I finished reading the historical non fiction book/micro-history,The Professor and the Madman: A Tale of Murder, Insanity, and the Making of the Oxford English Dictionary by Simon Winchester. I really liked it. Our library system had a non fiction book club read it a couple of months ago.

A historical non-fiction is a book that reads almost like fiction. A micro-history is a book which focuses on one small part of history. The part can either be an item or a time period. Seabiscuit is a wonderful example. It focused on horse racing during the Depression and really made that time-period come alive.

The Professor and the Madman focused on two men who were strongly involved in the editing of the OED: James Murray (the professor) and Dr. William Chester Minor (the madman). The vast undertaking of creating the OED simply amazed me. Before 1857 (when the idea was first suggested), there was no all-encompassing English dictionary. Or at least, not a dictionary like we think of today. The OED editors set out to catalog, define, provide illustrative quotations, and track the word's history through written history from its first use until the current day. Every. Single. Word. Wow.

They had thousands of volunteers read through books, write down words (any words), illustrative quotations, where the quotation was found, page number, and send in the slip of paper to the Scriptorium that Murray had set up in Oxford. The Scriptorium might sound impressive but really it was just a corrugated metal structure full of paper. Can you even imagine the scraps of paper everywhere? How would anything ever get done or even found?

Dr. Minor is introduced as a madman from the very beginning of the book. A madman but also an intellectual. He was an American doctor who served in the Civil War. Apparently, his paranoia was sparked and/or became more pronounced after an experience during the Wilderness where he had to brand an Irish soldier as punishment for desertion. After that, he felt that the Irish everywhere were after him in revenge. He also complained of being followed and being forced to perform "lewd acts" every night by persons unknown. A while after the end of the war, Minor left America for England. He was imprisoned in Broadmore, a lunatic asylum there, when he murdered a man in London. (Minor thought the man was going to attack him.)

While in Broadmore, Minor had an extraordinary amount of special privileges. He had a pention from the U.S. Army and was a doctor like those taking care of him so Minor was housed in the nice part of Broadmore. He had the use of two rooms, one of which served as a library and the other which was his bedroom, where he painted and played his flute. The library was quite impressive because he collected rare works and anything else that caught his interest. Minor hired one of the other inmates to clean his rooms and perform small tasks. Sounds pretty nice, huh?
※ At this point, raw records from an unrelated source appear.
(* Let $K\ge2$, $m\ge1$, $C>0$, let $\mathbf{y}\in[K]^m$, let $\mathbf{Q}\in\mathbb{R}^{m\times m}$ be a symmetric positive semidefinite kernel matrix on the labeled nodes and $Q_{t1},\dots,Q_{tm}$ the kernel values of a test node $t$. For each class $c\in[K]$ let $\mathbf{y}^c\in\{-1,1\}^m$ with $y_i^c=1$ iff $y_i=c$, and $y_i'^c=1$ iff $y_i=c$ (else $0$). Let $\hat c$ be the originally predicted class (defined below). Set $M^c_{u_i}=\sum_jC|Q_{ij}|-1$, $M^c_{v_i}=\sum_jC|Q_{ij}|+1$, $p^L=-C\sum_{i=1}^m|Q_{ti}|$, $p^U=C\sum_{i=1}^m|Q_{ti}|$. Consider the MILP $$M(\mathbf{y}):\ \min\ p_{\hat c}-p^*$$ over $p^*\in\mathbb{R}$, $\mathbf{p}\in\mathbb{R}^K$, $b_c\in\{0,1\}$ ($c\ne\hat c$), and for each $c\in[K]$: $\boldsymbol\alpha^c,\tilde{\mathbf{y}}^c,\mathbf{z}^c,\mathbf{u}^c,\mathbf{v}^c\in\mathbb{R}^m$, $\tilde{\mathbf{y}}'^c,\mathbf{s}^c,\mathbf{t}^c\in\{0,1\}^m$, $\mathbf{R}^c\in\mathbb{R}^{m\times m}$, subject to: $\sum_{i=1}^m\big(1-\sum_{c=1}^Ky_i'^c\tilde y_i'^c\big)\le\lfloor\epsilon m\rfloor$; $\sum_{c=1}^K\tilde y_i'^c=1$ for all $i\in[m]$; $\sum_{c\ne\hat c}b_c=1$; for all $c\ne\hat c$: $p^*\ge p_c$ and $p^*\le p_c+(1-b_c)(p^U-p^L)$; for all $c\in[K]$: $p_c=\sum_{i=1}^mz_i^cQ_{ti}$; for all $c\in[K]$ and $i,j\in[m]$: $\sum_{j}R^c_{ij}Q_{ij}-1-u_i^c+v_i^c=0$, $-C(1+\tilde y^c_i)\le R^c_{ij}+z^c_j\le C(1+\tilde y^c_i)$, $-C(1-\tilde y^c_i)\le R^c_{ij}-z^c_j\le C(1-\tilde y^c_i)$; for all $c\in[K]$, $i\in[m]$: $-\alpha_i^c\le z_i^c\le\alpha_i^c$, $\alpha^c_i-C(1-\tilde y^c_i)\le z_i^c\le C(1+\tilde y_i^c)-\alpha_i^c$, $u_i^c\le M^c_{u_i}s_i^c$, $\alpha_i^c\le C(1-s_i^c)$, $v_i^c\le M^c_{v_i}t_i^c$, $\alpha_i^c\ge Ct_i^c$, $u_i^c\ge0$, $v_i^c\ge0$, $\tilde y_i^c=2\tilde y_i'^c-1$. Then the prediction for node $t$ is certifiably robust if the optimal value of $M(\mathbf{y})$ is greater than zero and non-robust otherwise; equivalently, the optimal value equals $\min_{\tilde{\mathbf{y}}\in\mathcal{A}(\mathbf{y})}\big(p_{\hat c}(\tilde{\mathbf{y}})-\max_{c\ne\hat c}p_c(\tilde{\mathbf{y}})\big)$.
   Context: Multi-class classification by one-vs-all kernel SVMs. For a binary label vector $\mathbf{w}\in\{-1,1\}^m$, the bias-free kernel SVM dual is $D(\mathbf{w}):\ \min_{\boldsymbol\alpha}-\sum_i\alpha_i+\tfrac12\sum_{i,j}w_iw_j\alpha_i\alpha_jQ_{ij}$ s.t. $0\le\alpha_i\le C$; $\mathcal{S}(\mathbf{w})$ is its set of optimal solutions. For multi-class labels $\tilde{\mathbf{y}}\in[K]^m$ and $c\in[K]$, let $\tilde{\mathbf{y}}^c\in\{-1,1\}^m$ with $\tilde y^c_i=1$ iff $\tilde y_i=c$, and define the class score $p_c(\tilde{\mathbf{y}})=\sum_{i=1}^m\tilde y^c_i\alpha^c_iQ_{ti}$ for any $\boldsymbol\alpha^c\in\mathcal{S}(\tilde{\mathbf{y}}^c)$ (this value does not depend on the choice of optimal $\boldsymbol\alpha^c$). The predicted class is $\arg\max_cp_c$; $\hat c$ is the predicted class for the clean labels $\mathbf{y}$. The adversary chooses $\tilde{\mathbf{y}}\in\mathcal{A}(\mathbf{y})=\{\tilde{\mathbf{y}}\in[K]^m:\|\tilde{\mathbf{y}}-\mathbf{y}\|_0\le\lfloor\epsilon m\rfloor\}$, $\epsilon\in[0,1]$. The prediction is certifiably robust if $p_{\hat c}(\tilde{\mathbf{y}})-\max_{c\ne\hat c}p_c(\tilde{\mathbf{y}})>0$ for all $\tilde{\mathbf{y}}\in\mathcal{A}(\mathbf{y})$. *)

theory Defs
  imports Complex_Main
begin

(* Indices: labeled nodes i \<in> {1..m}, classes c \<in> {1..K}.
   Vectors/matrices are functions on nat, only their values on the index ranges matter. *)

definition bin_label :: "(nat \<Rightarrow> nat) \<Rightarrow> nat \<Rightarrow> nat \<Rightarrow> real" where
  "bin_label y c i = (if y i = c then 1 else -1)"

definition onehot_label :: "(nat \<Rightarrow> nat) \<Rightarrow> nat \<Rightarrow> nat \<Rightarrow> real" where
  "onehot_label y c i = (if y i = c then 1 else 0)"

definition svm_dual_obj :: "nat \<Rightarrow> (nat \<Rightarrow> nat \<Rightarrow> real) \<Rightarrow> (nat \<Rightarrow> real) \<Rightarrow> (nat \<Rightarrow> real) \<Rightarrow> real" where
  "svm_dual_obj m Q w \<alpha> =
     - (\<Sum>i=1..m. \<alpha> i) + 1/2 * (\<Sum>i=1..m. \<Sum>j=1..m. w i * w j * \<alpha> i * \<alpha> j * Q i j)"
He still had the slight problem of thinking people were breaking into his room at night and poisoning him or forcing him to perform those lewd acts.
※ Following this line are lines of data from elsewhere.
definition curv :: "nat \<Rightarrow> (mat \<Rightarrow> mat \<Rightarrow> real) \<Rightarrow> mat \<Rightarrow> mat \<Rightarrow> mat \<Rightarrow> mat" where
  "curv n g X Y Z = (\<lambda>a b.
      levi_civita n g X (levi_civita n g Y Z) a b
    - levi_civita n g Y (levi_civita n g X Z) a b
    - levi_civita n g (bracket n X Y) Z a b)"

text \<open>Elementary basis E_ab = e_a e_b^t - e_b e_a^t (a<b) of so(n); the coefficient of
E_ab in a skew matrix M is M a b, so the trace of a linear map L on so(n) is
sum_{a<b<n} (L E_ab) a b.\<close>
definition Ebasis :: "nat \<Rightarrow> nat \<Rightarrow> mat" where
  "Ebasis a b = (\<lambda>i j. (if i = a \<and> j = b then 1 else 0) - (if i = b \<and> j = a then 1 else 0))"

definition so_trace :: "nat \<Rightarrow> (mat \<Rightarrow> mat) \<Rightarrow> real" where
  "so_trace n L = (\<Sum>b<n. \<Sum>a<b. L (Ebasis a b) a b)"

definition ricci :: "nat \<Rightarrow> (mat \<Rightarrow> mat \<Rightarrow> real) \<Rightarrow> mat \<Rightarrow> mat \<Rightarrow> real" where
  "ricci n g X Y = so_trace n (\<lambda>Z. curv n g Z X Y)"

end

theory Submission
  imports Defs
begin

text \<open>
  The metric (III) is diagonal in the basis \<open>E\<^sub>a\<^sub>b\<close> with positive weights depending only on
  the blocks of \<open>a\<close> and \<open>b\<close>. Conjugation by the reflection of the single coordinate \<open>n - 2\<close>
  (the one-dimensional second block) is a Lie algebra automorphism of \<open>so(n)\<close> preserving
  such a metric, so it preserves the Levi-Civita connection, the curvature and the Ricci tensor.
  It acts as \<open>-1\<close> on \<open>m\<^sub>1\<^sub>2\<close> and as the identity on \<open>m\<^sub>1\<^sub>3\<close>, hence
  \<open>r(X, Y) = r(-X, Y) = -r(X, Y)\<close>.
\<close>

text \<open>For skew \<open>X\<close>, \<open>Y\<close> this is \<open>\<Sum> c a k * X a k * Y a k\<close>: an inner product that is
  diagonal in the basis \<open>E\<^sub>a\<^sub>b\<close>.\<close>
definition weighted_form :: "nat \<Rightarrow> (nat \<Rightarrow> nat \<Rightarrow> real) \<Rightarrow> mat \<Rightarrow> mat \<Rightarrow> real" where
  "weighted_form n c X Y = - (\<Sum>a<n. \<Sum>k<n. c a k * X a k * Y k a)"

definition mat_scale :: "real \<Rightarrow> mat \<Rightarrow> mat" where
  "mat_scale t A = (\<lambda>i j. t * A i j)"

definition mat_linear :: "(mat \<Rightarrow> real) \<Rightarrow> bool" where
  "mat_linear F \<longleftrightarrow>
     (\<forall>A B. F (\<lambda>i j. A i j + B i j) = F A + F B) \<and> (\<forall>t A. F (mat_scale t A) = t * F A)"

definition koszul :: "nat \<Rightarrow> (mat \<Rightarrow> mat \<Rightarrow> real) \<Rightarrow> mat \<Rightarrow> mat \<Rightarrow> mat \<Rightarrow> real" where
  "koszul n g X Y Z = g (bracket n X Y) Z - g (bracket n Y Z) X + g (bracket n Z X) Y"

lemma levi_civita_def_koszul:
  "levi_civita n g X Y = (THE W. W \<in> so n \<and> (\<forall>Z \<in> so n. 2 * g W Z = koszul n g X Y Z))"
  by (simp add: levi_civita_def koszul_def)

lemma so_skew: "X \<in> so n \<Longrightarrow> X i j = - X j i"
  unfolding so_def by blast

lemma so_diag: "X \<in> so n \<Longrightarrow> X i i = 0"
  using so_skew[of X n i i] by simp

lemma so_outside: "X \<in> so n \<Longrightarrow> n \<le> i \<or> n \<le> j \<Longrightarrow> X i j = 0"
  unfolding so_def by blast

lemma soI: "(\<And>i j. X i j = - X j i) \<Longrightarrow> (\<And>i j. n \<le> i \<or> n \<le> j \<Longrightarrow> X i j = 0) \<Longrightarrow> X \<in> so n"
  unfolding so_def by blast

lemma mat_scale_so:
  assumes "A \<in> so n"
  shows "mat_scale t A \<in> so n"
proof (rule soI)
  fix i j
  show "mat_scale t A i j = - mat_scale t A j i"
    using so_skew[OF assms, of i j] by (simp add: mat_scale_def)
  show "n \<le> i \<or> n \<le> j \<Longrightarrow> mat_scale t A i j = 0"
    using so_outside[OF assms, of i j] by (simp add: mat_scale_def)
qed

lemma mat_linear_sum:
  assumes "mat_linear F" "finite S"
  shows "F (\<lambda>i j. \<Sum>p\<in>S. M p i j) = (\<Sum>p\<in>S. F (M p))"
  using assms(2)
proof (induction S rule: finite_induct)
  case empty
  have "F (\<lambda>i j. 0) = F (mat_scale 0 (\<lambda>i j. 0))" by (simp add: mat_scale_def)
  also have "\<dots> = 0" using assms(1) by (simp add: mat_linear_def)
  finally show ?case by simp
next
  case (insert x S)
  then have "(\<lambda>i j. \<Sum>p\<in>insert x S. M p i j) = (\<lambda>i j. M x i j + (\<Sum>p\<in>S. M p i j))"
    by simp
  with insert assms(1) show ?case by (simp add: mat_linear_def)
qed

lemma sum_triangle_delta:
  fixes n i j :: nat
  shows "(\<Sum>b<n. \<Sum>a<b. if a = i \<and> b = j then v else 0)
       = (if i < j \<and> j < n then v else (0::'a::comm_monoid_add))"
proof -
  have "(\<Sum>a<b. if a = i \<and> b = j then v else 0) = (if b = j then (if i < b then v else 0) else (0::'a))"
    for b
    by (cases "b = j") (simp_all add: sum.delta)
  then show ?thesis by (simp add: sum.delta')
qed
Ten years after he was first imprisoned, Minor came across Murray's plea for volunteer readers. He wrote to Murray offering his services and got down to reading. Minor's approach to the task was completely different than that of the other volunteers. He would read a book through writing down each word that caught his attention and page number where it was found. He wrote the words down so that they would be in alphabetical order, leaving space for words he would find as he read. Once he finished one book, Minor would go on to the next. Because he wasn't sending in submissions to the editors in Oxford, they thought he had gotten bored with the project.
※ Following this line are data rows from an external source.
(* Let $n,a,t,k\in\mathbb N$ satisfy $t<a<n$. Assume $\mathcal F_1,\dots,\mathcal F_k\subseteq\binom{[n]}{a}$ satisfy $$|\mathcal F_i|\ge 2^{k-2}\cdot\sqrt{32a(n-a)}\cdot\exp\left(-\frac{(a-t-1)^2}{40a}\right)\cdot\binom{n}{a}+2^{k-2}$$ for all $i\in\{1,\dots,k\}$. Then there are $F_1\in\mathcal F_1,\dots,F_k\in\mathcal F_k$ such that $|F_1\cap F_i|\ge t+1$ for all $i\in\{2,\dots,k\}$.
   Context: $[n]=\{1,\dots,n\}$ and $\binom{[n]}{a}$ denotes the family of all $a$-element subsets of $[n]$. *)

theory Defs
  imports "HOL-Analysis.Analysis"
begin

definition ksubsets :: "nat \<Rightarrow> nat \<Rightarrow> nat set set" where
  "ksubsets n a = {S. S \<subseteq> {1..n} \<and> card S = a}"

end

theory Submission
  imports Defs
begin

text \<open>Call a member of \<open>F\<^sub>1\<close> bad for \<open>i\<close> if it meets every member of \<open>F\<^sub>i\<close> in at most
  \<open>t\<close> points. It suffices that for each \<open>i\<close> at most \<open>\<epsilon> = sqrt(32a(n-a)) exp(-(a-t-1)\<^sup>2/(40a)) C(n,a)\<close>
  members of \<open>F\<^sub>1\<close> are bad, since the union bound then leaves a member of \<open>F\<^sub>1\<close> that is good
  for every \<open>i\<close>. So let \<open>A\<close> and \<open>B\<close> be families of \<open>a\<close>-sets with all cross intersections
  at most \<open>t\<close>. The complements of the members of \<open>B\<close> meet every member of \<open>A\<close> in at least
  \<open>s = a - t\<close> points; compress the pair until the complement family \<open>C\<close> is left-shifted. If
  some \<open>X\<close> in \<open>A\<close> and \<open>Y\<close> in \<open>C\<close> both had all prefix counts \<open>|X \<inter> [l]|\<close>, \<open>|Y \<inter> [l]|\<close>
  within \<open>d = (s - 1)/2\<close> of their means, then pushing common elements of \<open>X\<close> and \<open>Y\<close> down
  into gaps would stay inside \<open>C\<close> and end in a member of \<open>C\<close> meeting \<open>X\<close> in fewer than \<open>s\<close>
  points. Hence all members of \<open>A\<close> or all members of \<open>C\<close> have an atypical prefix, and
  exponential moments of \<open>|X \<inter> [l]|\<close> bound the number of such sets by
  \<open>(n + 1) C(n,a) exp(-d\<^sup>2/(4a)) \<le> \<epsilon>\<close>.\<close>

lemma finite_ksubsets: "finite (ksubsets n m)"
  by (rule finite_subset[of _ "Pow {1..n}"]) (auto simp: ksubsets_def)

lemma finite_ksubsets_member: "X \<in> ksubsets n m \<Longrightarrow> finite X"
  unfolding ksubsets_def using finite_subset by blast

lemma card_ksubsets: "card (ksubsets n m) = n choose m"
  unfolding ksubsets_def using n_subsets[of "{1..n}" m] by simp

lemma complement_ksubsets: "Y \<in> ksubsets n a \<Longrightarrow> {1..n} - Y \<in> ksubsets n (n - a)"
  unfolding ksubsets_def by (auto simp: card_Diff_subset finite_subset)

lemma inj_on_complement_ksubsets: "inj_on (\<lambda>Y. {1..n} - Y) (ksubsets n a)"
proof (rule inj_onI)
  fix X Y assume "X \<in> ksubsets n a" "Y \<in> ksubsets n a" "{1..n} - X = {1..n} - Y"
  then show "X = Y"
    unfolding ksubsets_def by (metis (no_types, lifting) double_diff mem_Collect_eq order_refl)
qed

lemma card_Int_complement:
  assumes "X \<subseteq> U" "finite X"
  shows "card (X \<inter> (U - Y)) = card X - card (X \<inter> Y)"
proof -
  have "X \<inter> (U - Y) = X - (X \<inter> Y)"
    using assms(1) by blast
  then show ?thesis
    using assms(2) by (simp add: card_Diff_subset)
qed

section \<open>Shifting\<close>

definition shift :: "nat \<Rightarrow> nat \<Rightarrow> nat set \<Rightarrow> nat set" where
  "shift i j X = insert i (X - {j})"

definition shift_member :: "nat \<Rightarrow> nat \<Rightarrow> nat set set \<Rightarrow> nat set \<Rightarrow> nat set" where
  "shift_member i j F X = (if j \<in> X \<and> i \<notin> X \<and> shift i j X \<notin> F then shift i j X else X)"

definition shift_family :: "nat \<Rightarrow> nat \<Rightarrow> nat set set \<Rightarrow> nat set set" where
  "shift_family i j F = shift_member i j F ` F"

definition weight :: "nat set set \<Rightarrow> nat" where
  "weight F = (\<Sum>X\<in>F. \<Sum>X)"

definition left_shifted :: "nat set set \<Rightarrow> bool" where
  "left_shifted C \<longleftrightarrow> (\<forall>Y\<in>C. \<forall>i j. 0 < i \<and> i < j \<and> j \<in> Y \<and> i \<notin> Y \<longrightarrow> shift i j Y \<in> C)"

definition cross_intersecting :: "nat \<Rightarrow> 'a set set \<Rightarrow> 'a set set \<Rightarrow> bool" where
  "cross_intersecting s A B \<longleftrightarrow> (\<forall>X\<in>A. \<forall>Y\<in>B. s \<le> card (X \<inter> Y))"

lemma shift_member_shifted: "j \<in> X \<Longrightarrow> i \<notin> X \<Longrightarrow> shift i j X \<notin> F \<Longrightarrow> shift_member i j F X = shift i j X"
  unfolding shift_member_def by simp

lemma shift_member_fixed: "\<not> (j \<in> X \<and> i \<notin> X \<and> shift i j X \<notin> F) \<Longrightarrow> shift_member i j F X = X"
  unfolding shift_member_def by (rule if_not_P)

lemma shift_shift_inverse: "j \<in> X \<Longrightarrow> i \<notin> X \<Longrightarrow> shift j i (shift i j X) = X"
  unfolding shift_def by auto

lemma card_shift:
  assumes "finite X" "j \<in> X" "i \<notin> X"
  shows "card (shift i j X) = card X"
  using card.remove[OF assms(1,2)] assms unfolding shift_def by simp

lemma sum_shift: "finite X \<Longrightarrow> j \<in> X \<Longrightarrow> i \<notin> X \<Longrightarrow> \<Sum>(shift i j X) + j = \<Sum>X + i"
  unfolding shift_def by (simp add: sum.insert_remove) (metis add.commute sum.remove)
Once Minor thought he had come up with enough words, he wrote to Murray asking him if they were having any difficulty with any word. When Murray responded that "art" was vexing them, Minor immediately responded with quotation, volume number, and page number. After that, Murray and his workers would send any word "problems" to Minor and he would immediately respond with a correct response. Because Minor had his word lists minutely indexed, it took him no time at all to find a correct quotation. As the author says, other volunteers might have sent in more quotations but Minor's were worth their weight in gold. The editors knew they didn't need to double-check his work.

It was very interesting to watch the friendship between Minor and Murray develop. They corresponded for years and Murray visited Minor frequently in Broadmore. I also found it fascinating to learn more about the editing of the massive dictionary.

The only problem I had with the book was that the author, Simon Winchester, did not have a bibliography in the back of the book. True, he mentioned other books people could read to learn more and talked about some of the books he read. But, to a historian like me, that is not good enough. I want to see all of the documents he used. The letters, the journals, the books, the interviews. Everything. Still, I greatly enjoyed the work and would highly recommend it.